Foot Arch Pain While Exercising

Overview

Foot arch pain, or pain on the bottom of the foot can be caused by a number of problems. The arches of the foot control how the forces associated with activities like walking are transferred up and down the leg. If there is a problem with the foot arches or surrounding soft tissues, pain can be felt anywhere from the foot, to the knee, to the lower back. Arch foot pain is also common when standing or walking for long periods. This is often due to weakness and tightness is the muscles and tendons which support the foot arches.

Pain In Arch

Causes

The plantar fascia is designed to absorb the high stresses and strains we place on our feet. But, sometimes, too much pressure damages or tears the tissues. The body's natural response to injury is inflammation, which results in the heel pain and stiffness of plantar fasciitis.

Symptoms

Pain in arch of foot is really the only symptom of this condition. It is unlikely to see any swelling or bruising and instead there will be a deep tender spot near the heel. Occasionally the pain may radiate further down the foot. With this condition, pain will usually be felt first thing in the morning or after periods of sitting. This is because the plantar fascia tightens and shortens slightly when there is no weight on it and by standing on it it suddenly stretches and becomes painful. After a few steps it starts to loosen off and the pain may subside. If this is the same pattern of pain you experience it is quite likely you have plantar fasciits. Pain may also be felt when walking up stairs or standing on tip-toes (anything that stretches the fascia).

Diagnosis

In people with flat feet, the instep of the foot comes in contact with the ground when standing. To diagnose the problem, the health care provider will ask you to stand on your toes. If an arch forms,the flat foot is called flexible. You will not need any more tests or treatment. If the arch does not form with toe-standing (called rigid flat feet), or if there is pain, other tests may be needed, including a CT scan to look at the bones in the foot. MRI scan to look at the tendons in the foot. X-ray of the foot.

Non Surgical Treatment

Though most FFF are asymptomatic (no pain or discomfort), they should still be addressed as it is not normal to have flat feet. Obviously it is always ideal to prevent a problem rather than treat it after it occurs, especially if FFF is being treated post-foot development. As mentioned earlier, barefoot is the best way to prevent FFF and a host of other foot and gait imbalances. To truly strengthen the entire foot and all the arches, it?s important to position the foot correctly at all times so when wearing something on the feet, footwear should be flat, firm, and flexible. This means that the shoe should not have a significant, or any, heel to toe drop, there should be little to no cushion or padding in the sole, and the shoe should not be rigid anywhere - it should bend throughout the shoe and in any direction. The shoe should also be wide at the toe box allowing the toes to naturally splay apart.

Foot Arch Pain

Surgical Treatment

In adults, the most common cause of collapse is due to the posterior tibial tendon tear. In such cases, the tendon must be repaired and a second tendon may be added to the posterior tibial tendon for strength and added support. If the foot is found to be very flat, bone realignment procedures or possible bone fusion procedures may be used to realign the foot. If the calf or Achilles tendon are found to be tight, they may be lengthened to allow better motion at the ankle and less arch strain. The forefoot may also be in a poor position and stabilization of the arch may be necessary to increase forefoot contact to the ground.

Prevention

Warm up properly. This means not only stretching prior to a given athletic event, but a gradual rather than sudden increase in volume and intensity over the course of the training season. A frequent cause of plantar fasciitis is a sudden increase of activity without suitable preparation. Avoid activities that cause pain. Running on steep terrain, excessively hard or soft ground, etc can cause unnatural biomechanical strain to the foot, resulting in pain.
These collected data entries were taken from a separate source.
lemma lang_Cons_ex:
  assumes "w \<in> lang X"
  shows "\<exists>a. a # w \<in> lang X"
proof -
  obtain x i where x: "x \<in> X" "w = map (\<lambda>j. x (i + int j)) [0..<length w]"
    using assms unfolding lang_def by blast
  have "x (i - 1) # w = map (\<lambda>j. x (i - 1 + int j)) [0..<length (x (i - 1) # w)]"
  proof (rule nth_equalityI)
    fix j assume j: "j < length (x (i - 1) # w)"
    show "(x (i - 1) # w) ! j = map (\<lambda>j. x (i - 1 + int j)) [0..<length (x (i - 1) # w)] ! j"
    proof (cases j)
      case (Suc j')
      then have "j' < length w" using j by simp
      then show ?thesis using Suc by (subst x(2)) (simp del: upt_Suc add: algebra_simps)
    qed (simp del: upt_Suc)
  qed simp
  then have "x (i - 1) # w \<in> lang X"
    unfolding lang_def using x(1) by (intro CollectI bexI[of _ x] exI[of _ "i - 1"])
  then show ?thesis ..
qed

lemma lval_pos:
  fixes X :: "(int \<Rightarrow> 'a::finite) set"
  assumes "w \<in> lang X"
  shows "lval X w \<ge> 1"
  using lang_Cons_ex[OF assms] by (auto simp: lval_def Suc_le_eq card_gt_0_iff)

lemma lval_snoc_le:
  fixes X :: "(int \<Rightarrow> 'a::finite) set"
  shows "lval X (w @ [b]) \<le> lval X w"
  unfolding lval_def using lang_factor[of "[]" "_ # w" "[b]"] by (intro card_mono) auto

lemma left_special_snocD:
  fixes X :: "(int \<Rightarrow> 'a::finite) set"
  shows "left_special X (w @ [b]) \<Longrightarrow> left_special X w"
  unfolding left_special_def using lval_snoc_le[of X w b] lang_factor[of "[]" w "[b]"] by auto

lemma ext_adj_sym: "ext_adj X w x y \<Longrightarrow> ext_adj X w y x"
  by (cases x; cases y) auto

lemma ext_adj_isl: "ext_adj X w x y \<Longrightarrow> isl x \<noteq> isl y"
  by (cases x; cases y) auto

lemma ext_adj_in_ext_vertices: "ext_adj X w x y \<Longrightarrow> x \<in> ext_vertices X w"
  using lang_factor[of "[]" "_ # w" "[_]"] lang_factor[of "[_]" "w @ [_]" "[]"]
  by (cases x; cases y) (auto simp: ext_vertices_def)

definition snoc_excess :: "(int \<Rightarrow> 'a) set \<Rightarrow> 'a list \<Rightarrow> nat" where
  "snoc_excess X w = (\<Sum>b | w @ [b] \<in> lang X. lval X (w @ [b]) - 1)"

text \<open>The left vertices of the extension graph number lval X w and the edges through Inr b
  number lval X (w @ [b]).\<close>

lemma snoc_excess_le_if_tree:
  fixes X :: "(int \<Rightarrow> 'a::finite) set"
  assumes "w \<in> lang X" and tree: "ugraph_tree (ext_vertices X w) (ext_adj X w)"
  shows "snoc_excess X w \<le> lval X w - 1"
proof -
  let ?R = "{b. w @ [b] \<in> lang X}" and ?V = "ext_vertices X w"
  obtain r where "r \<in> ?V" using tree unfolding ugraph_tree_def by blast
  have "finite ?V" by (simp add: ext_vertices_def)
  have edges: "{(u, v). ext_adj X w u v \<and> isl u}
      = (\<lambda>(b, a). (Inl a, Inr b)) ` (SIGMA b:?R. {a. a # w @ [b] \<in> lang X})"
    using lang_factor[of "[_]" "w @ [_]" "[]"] by (auto elim!: ext_adj.elims simp: isl_def)
  have "card {(u, v). ext_adj X w u v \<and> isl u} = (\<Sum>b\<in>?R. lval X (w @ [b]))"
    unfolding edges by (subst card_image) (auto simp: inj_on_def lval_def)
  moreover have "card ?V = lval X w + card ?R"
    unfolding ext_vertices_def lval_def by (subst card_Un_disjoint) (auto simp: card_image)
  moreover have "card {(u, v). ext_adj X w u v \<and> isl u} + 1 \<le> card ?V"
    using card_edges_le[of "ext_adj X w" ?V isl r] ext_adj_sym ext_adj_in_ext_vertices ext_adj_isl
      \<open>r \<in> ?V\<close> \<open>finite ?V\<close> tree unfolding ugraph_tree_def by blast
  moreover have "(\<Sum>b\<in>?R. lval X (w @ [b]) - 1) = (\<Sum>b\<in>?R. lval X (w @ [b])) - card ?R"
    using lval_pos by (subst sum_subtractf_nat) auto
  ultimately show ?thesis using lval_pos[OF assms(1)] by (simp add: snoc_excess_def)
qed

section \<open>Eventually constant sequences\<close>

lemma decreasing_from_le:
  fixes f :: "nat \<Rightarrow> 'b::preorder"
  assumes dec: "\<And>n. m \<le> n \<Longrightarrow> f (Suc n) \<le> f n" and "m \<le> k" and "k \<le> n"
  shows "f n \<le> f k"
  using assms(3)
proof (induction rule: dec_induct)
  case (step n)
  have "f (Suc n) \<le> f n" using dec \<open>m \<le> k\<close> \<open>k \<le> n\<close> by simp
  then show ?case using step.IH by (rule order_trans)
qed simp

lemma eventually_const_if_decreasing:
  fixes f :: "nat \<Rightarrow> nat"
  assumes "\<And>n. m \<le> n \<Longrightarrow> f (Suc n) \<le> f n"
  shows "\<exists>N\<ge>m. \<forall>n\<ge>N. f n = f N"
proof -
  obtain N where N: "m \<le> N" "\<And>n. m \<le> n \<Longrightarrow> f N \<le> f n"
    using ex_has_least_nat[of "\<lambda>n. m \<le> n" m f] by auto
  have "f n = f N" if "N \<le> n" for n
  proof (rule antisym)
    show "f n \<le> f N" using assms N(1) that by (rule decreasing_from_le)
    show "f N \<le> f n" using N that by simp
  qed
  then show ?thesis using N(1) by blast
qed

lemma eventually_const_if_increasing_bounded:
  fixes f :: "nat \<Rightarrow> nat"
  assumes inc: "\<And>n. m \<le> n \<Longrightarrow> f n \<le> f (Suc n)" and bound: "\<And>n. m \<le> n \<Longrightarrow> f n \<le> B"
  shows "\<exists>N\<ge>m. \<forall>n\<ge>N. f n = f N"
proof -
  have "B - f (Suc n) \<le> B - f n" if "m \<le> n" for n
    using inc[OF that] by (rule diff_le_mono2)
  then obtain N where N: "m \<le> N" "\<forall>n\<ge>N. B - f n = B - f N"
    using eventually_const_if_decreasing[of m "\<lambda>n. B - f n"] by blast
  have "f n = f N" if "N \<le> n" for n
    using N(2)[rule_format, OF that] bound[of n] bound[of N] N(1) that by simp
  then show ?thesis using N(1) by blast
qed

lemma eventually_const_if_decreasing_finite:
  assumes dec: "\<And>n. m \<le> n \<Longrightarrow> A (Suc n) \<subseteq> A n" and "finite (A m)"
  shows "\<exists>N\<ge>m. \<forall>n\<ge>N. A n = A N"
proof -
  have sub: "A n \<subseteq> A k" if "m \<le> k" "k \<le> n" for k n
    using dec that by (rule decreasing_from_le)
  have fin: "finite (A n)" if "m \<le> n" for n
    using sub[OF order_refl that] assms(2) by (rule finite_subset)
  have "card (A (Suc n)) \<le> card (A n)" if "m \<le> n" for n
    using fin[OF that] dec[OF that] by (rule card_mono)
  then obtain N where N: "m \<le> N" "\<forall>n\<ge>N. card (A n) = card (A N)"
    using eventually_const_if_decreasing[of m "\<lambda>n. card (A n)"] by blast
  have "A n = A N" if "N \<le> n" for n
    using card_subset_eq[OF fin[OF N(1)] sub[OF N(1) that]] N(2)[rule_format, OF that] by simp
  then show ?thesis using N(1) by blast
qed

section \<open>Excess and left special words\<close>

definition lang_len :: "(int \<Rightarrow> 'a) set \<Rightarrow> nat \<Rightarrow> 'a list set" where
  "lang_len X n = {w \<in> lang X. length w = n}"

text \<open>The first difference p(n + 1) - p(n) of the factor complexity p.\<close>

definition left_excess :: "(int \<Rightarrow> 'a) set \<Rightarrow> nat \<Rightarrow> nat" where
  "left_excess X n = (\<Sum>w\<in>lang_len X n. lval X w - 1)"

lemma finite_lang_len: "finite (lang_len (X :: (int \<Rightarrow> 'a::finite) set) n)"
proof (rule finite_subset)
  show "lang_len X n \<subseteq> {xs. set xs \<subseteq> UNIV \<and> length xs = n}"
    unfolding lang_len_def by auto
  show "finite {xs :: 'a list. set xs \<subseteq> UNIV \<and> length xs = n}"
    by (rule finite_lists_length_eq) simp
qed

lemma lang_len_Suc:
  "lang_len X (Suc n) = (\<lambda>(w, b). w @ [b]) ` (SIGMA w:lang_len X n. {b. w @ [b] \<in> lang X})"
proof
  show "lang_len X (Suc n) \<subseteq> (\<lambda>(w, b). w @ [b]) ` (SIGMA w:lang_len X n. {b. w @ [b] \<in> lang X})"
  proof
    fix u assume u: "u \<in> lang_len X (Suc n)"
    then have "u \<noteq> []" unfolding lang_len_def by auto
    then have u_eq: "u = butlast u @ [last u]" by simp
    then have "butlast u \<in> lang X"
      using lang_factor[of "[]" "butlast u" "[last u]"] u unfolding lang_len_def by simp
    then show "u \<in> (\<lambda>(w, b). w @ [b]) ` (SIGMA w:lang_len X n. {b. w @ [b] \<in> lang X})"
      using u u_eq unfolding lang_len_def by (intro image_eqI[of _ _ "(butlast u, last u)"]) auto
  qed
qed (auto simp: lang_len_def)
This is generally a sign of stress leading to injury and should be curtailed or discontinued. Shoes, arch support. Athletic demands placed on the feet, particularly during running events, are extreme. Injury results when supportive structures in the foot have been taxed beyond their recovery capacity. Full support of the feet in well-fitting footwear reduces the likelihood of injury. Rest and rehabilitation. Probably the most important curative therapy for cases of plantar fasciitis is thorough rest. The injured athlete must be prepared to wait out the necessary healing phase, avoiding temptation to return prematurely to athletic activity.